NYC’s Hot 97 Under Fire
New York’s Hot 97 was the setting for two recent high-profile shootings, and now the radio station has become a target itself — of artists and activists who charge that it promotes violence in the hip-hop community. On Friday, in the wake of the much-hyped February 28th shootout between associates of 50 Cent and the Game and the beginning of the Lil’ Kim perjury trial involving a 2001 shootout, rappers Afrika Bambaataa, M1 of Dead Prez, Roxanne Shante and other members of the newly formed Hip-Hop Coalition held an anti-Hot 97 rally in New York’s Union Square Park.
“Hot 97 actively promotes conflict within our communities and among our artists,” journalist and rally organizer Rosa Clemente told Rolling Stone. “We have to target [Hot 97’s parent company] Emmis Communications, because they’re fueling controversy between artists to get ratings.”
“The violence is sensationalized,” added M1, “and I think more than anything they intend to benefit from it.”
The typically cryptic Afrika Bambaataa saw the rally as a chance to address a broader issue. “Many people are still being blind, deaf and dumb to what’s going on due to the mind control of the masses of people,” the Bronx rapper said before launching a diatribe aimed at corporate media.
The Coalition contends that the recent incidents could have been prevented instead of promoted by the station’s employees.

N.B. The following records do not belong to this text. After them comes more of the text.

lemma orth_rep_diagonal_rep:
  assumes "\<And>k. unitary_character p (\<lambda>g. ch g k)"
  shows "orth_rep p (2*n) (diagonal_rep ch n)"
  unfolding orth_rep_def
proof (intro conjI ballI allI)
  fix g x
  show "diagonal_rep ch n g x \<in> Rn (2*n)"
    unfolding diagonal_rep_def by (rule of_complex_coords_in_Rn)
next
  fix g x y and a b :: real
  have "diagonal_rep ch n g (\<lambda>i. a * x i + b * y i)
      = of_complex_coords n (\<lambda>k. of_real a * (ch g k * complex_coord x k)
                               + of_real b * (ch g k * complex_coord y k))"
    unfolding diagonal_rep_def complex_coord_lincomb by (simp add: algebra_simps)
  then show "diagonal_rep ch n g (\<lambda>i. a * x i + b * y i)
      = (\<lambda>i. a * diagonal_rep ch n g x i + b * diagonal_rep ch n g y i)"
    unfolding of_complex_coords_lincomb diagonal_rep_def .
next
  fix g x y assume g: "g \<in> Gcar p"
  have "cmod (ch g k) = 1" for k
    using assms[of k] g unfolding unitary_character_def by simp
  then show "inner_n (2*n) (diagonal_rep ch n g x) (diagonal_rep ch n g y) = inner_n (2*n) x y"
    by (rule inner_n_diagonal_rep)
next
  fix x assume "x \<in> Rn (2*n)"
  moreover have "ch Gone k = 1" for k
    using assms[of k] unfolding unitary_character_def by simp
  ultimately show "diagonal_rep ch n Gone x = x"
    unfolding diagonal_rep_def by (simp add: of_complex_coords_complex_coord)
next
  fix g h x assume "g \<in> Gcar p" "h \<in> Gcar p"
  then have "ch (Gmult p g h) k = ch g k * ch h k" for k
    using assms[of k] unfolding unitary_character_def by simp
  then show "diagonal_rep ch n (Gmult p g h) x = diagonal_rep ch n g (diagonal_rep ch n h x)"
    unfolding diagonal_rep_def[of _ _ g] by (auto simp: diagonal_rep_def intro!: of_complex_coords_cong)
next
  have "continuous_on (Gcar p) (\<lambda>g. ch g k)" for k
    using assms[of k] unfolding unitary_character_def by simp
  then have "continuous_on (Gcar p \<times> Rn (2*n)) (\<lambda>z. ch (fst z) k)" for k
    by (rule continuous_on_compose2) (auto intro: continuous_on_fst continuous_on_id)
  then have "continuous_on (Gcar p \<times> Rn (2*n)) (\<lambda>z. diagonal_rep ch n (fst z) (snd z))"
    unfolding diagonal_rep_def
    by (intro continuous_on_of_complex_coords continuous_intros
          continuous_on_compose2[OF continuous_on_complex_coord[of UNIV]]) auto
  then show "continuous_on (Gcar p \<times> Rn (2*n)) (\<lambda>(g, x). diagonal_rep ch n g x)"
    by (simp add: case_prod_beta)
qed

lemma fixed_point_free_diagonal_rep:
  assumes "\<And>k. k < n \<Longrightarrow> \<exists>g\<in>Gcar p. ch g k \<noteq> 1"
  shows "fixed_point_free p (2*n) (diagonal_rep ch n)"
  unfolding fixed_point_free_def
proof (intro ballI impI)
  fix x assume x: "x \<in> Rn (2*n)" and fixed: "\<forall>g\<in>Gcar p. diagonal_rep ch n g x = x"
  have zero: "complex_coord x k = 0" if "k < n" for k
  proof -
    obtain g where g: "g \<in> Gcar p" "ch g k \<noteq> 1" using assms[OF \<open>k < n\<close>] by blast
    have "ch g k * complex_coord x k = complex_coord (diagonal_rep ch n g x) k"
      using \<open>k < n\<close> by simp
    also have "\<dots> = complex_coord x k"
      using fixed g by simp
    finally have "(ch g k - 1) * complex_coord x k = 0" by (simp add: algebra_simps)
    then show ?thesis using g by simp
  qed
  have "x = of_complex_coords n (complex_coord x)"
    by (rule of_complex_coords_complex_coord[OF x, symmetric])
  also have "\<dots> = of_complex_coords n (\<lambda>k. 0)"
    by (rule of_complex_coords_cong) (rule zero)
  also have "\<dots> = (\<lambda>i. 0)"
    by (auto simp: of_complex_coords_def)
  finally show "x = (\<lambda>i. 0)" .
qed

section \<open>Normalising equivariant maps\<close>

lemma orth_rep_linear:
  assumes "orth_rep p n \<sigma>" "g \<in> Gcar p" "x \<in> Rn n" "y \<in> Rn n"
  shows "\<sigma> g (\<lambda>i. a * x i + b * y i) = (\<lambda>i. a * \<sigma> g x i + b * \<sigma> g y i)"
  using assms unfolding orth_rep_def by simp

lemma orth_rep_inner:
  assumes "orth_rep p n \<sigma>" "g \<in> Gcar p" "x \<in> Rn n" "y \<in> Rn n"
  shows "inner_n n (\<sigma> g x) (\<sigma> g y) = inner_n n x y"
  using assms unfolding orth_rep_def by simp

lemma inner_n_self_pos:
  assumes "y \<in> Rn m" "y \<noteq> (\<lambda>i. 0)"
  shows "inner_n m y y > 0"
proof -
  obtain i where "y i \<noteq> 0" using assms(2) by auto
  moreover have "\<forall>i\<ge>m. y i = 0" using assms(1) by (simp add: Rn_def)
  ultimately have "i < m" "y i \<noteq> 0" using leI by blast+
  then show ?thesis
    unfolding inner_n_def by (intro sum_pos2[of _ i]) (auto simp: zero_less_mult_iff)
qed

lemma normalized_in_sphere_n:
  assumes "y \<in> Rn m" "y \<noteq> (\<lambda>i. 0)"
  shows "(\<lambda>i. y i / sqrt (inner_n m y y)) \<in> sphere_n m"
proof -
  have pos: "inner_n m y y > 0" using inner_n_self_pos[OF assms] .
  have "inner_n m (\<lambda>i. y i / sqrt (inner_n m y y)) (\<lambda>i. y i / sqrt (inner_n m y y))
      = inner_n m y y / (sqrt (inner_n m y y))\<^sup>2"
    unfolding inner_n_def by (simp add: sum_divide_distrib power2_eq_square)
  also have "\<dots> = 1" using pos by simp
  finally show ?thesis using assms(1) unfolding sphere_n_def Rn_def by simp
qed

lemma continuous_on_inner_n_self:
  assumes "continuous_on S F"
  shows "continuous_on S (\<lambda>x. inner_n m (F x) (F x))"
  unfolding inner_n_def
  by (intro continuous_intros continuous_on_product_then_coordinatewise[OF assms])

lemma G_map_normalize:
  assumes \<sigma>: "orth_rep p m \<sigma>"
    and cont: "continuous_on (sphere_n n) F"
    and range: "\<And>x. x \<in> sphere_n n \<Longrightarrow> F x \<in> Rn m \<and> F x \<noteq> (\<lambda>i. 0)"
    and equiv: "\<And>g x. g \<in> Gcar p \<Longrightarrow> x \<in> sphere_n n \<Longrightarrow> F (\<rho> g x) = \<sigma> g (F x)"
  shows "G_map p n \<rho> m \<sigma> (\<lambda>x i. F x i / sqrt (inner_n m (F x) (F x)))"
  unfolding G_map_def
proof (intro conjI ballI subsetI)
  have "inner_n m (F x) (F x) \<noteq> 0" if "x \<in> sphere_n n" for x
    using inner_n_self_pos range[OF that] by force
  then show "continuous_on (sphere_n n) (\<lambda>x i. F x i / sqrt (inner_n m (F x) (F x)))"
    by (intro continuous_on_coordinatewise_then_product continuous_intros
          continuous_on_product_then_coordinatewise[OF cont] continuous_on_inner_n_self[OF cont])
       simp
next
  fix y assume "y \<in> (\<lambda>x i. F x i / sqrt (inner_n m (F x) (F x))) ` sphere_n n"
  then show "y \<in> sphere_n m"
    using range normalized_in_sphere_n by blast
next
  fix g x assume g: "g \<in> Gcar p" and x: "x \<in> sphere_n n"
  define c where "c = 1 / sqrt (inner_n m (F x) (F x))"
  have Fx: "F x \<in> Rn m" using range[OF x] by blast
  have "\<sigma> g (\<lambda>i. c * F x i + 0 * F x i) = (\<lambda>i. c * \<sigma> g (F x) i + 0 * \<sigma> g (F x) i)"
    using orth_rep_linear[OF \<sigma> g Fx Fx] .
  moreover have "inner_n m (\<sigma> g (F x)) (\<sigma> g (F x)) = inner_n m (F x) (F x)"
    using orth_rep_inner[OF \<sigma> g Fx Fx] .
  ultimately show "(\<lambda>i. F (\<rho> g x) i / sqrt (inner_n m (F (\<rho> g x)) (F (\<rho> g x))))
      = \<sigma> g (\<lambda>i. F x i / sqrt (inner_n m (F x) (F x)))"
    unfolding equiv[OF g x] c_def by simp
qed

The “Tsunami Song,” Hot 97’s parody of the December tragedy in South Asia, also drew criticism at the rally, with Queens councilman John Liu accusing the station of “insensitivity” to its listeners. The Coalition also voiced its list of demands — which include the station airing anti-violence public service announcements and having its employees attend town hall meetings with community educators, parents and youth.
A spokesman for Hot 97 refused to address the demands, telling Rolling Stone that the station is being targeted unfairly. “It’s interesting that they single out Hot 97,” he said. “Why not the artists that make the music, the record labels that produce the records, the record stores that sell them and then the consumers that buy them? . . . Hot 97 has been number one in the eighteen-to-thirty-four-year-old demographic for close to ten years, so obviously there are a whole lot of people that enjoy the station and feel differently. We only play what’s out there: If the violence didn’t exist in the song, they wouldn’t hear it on Hot 97.”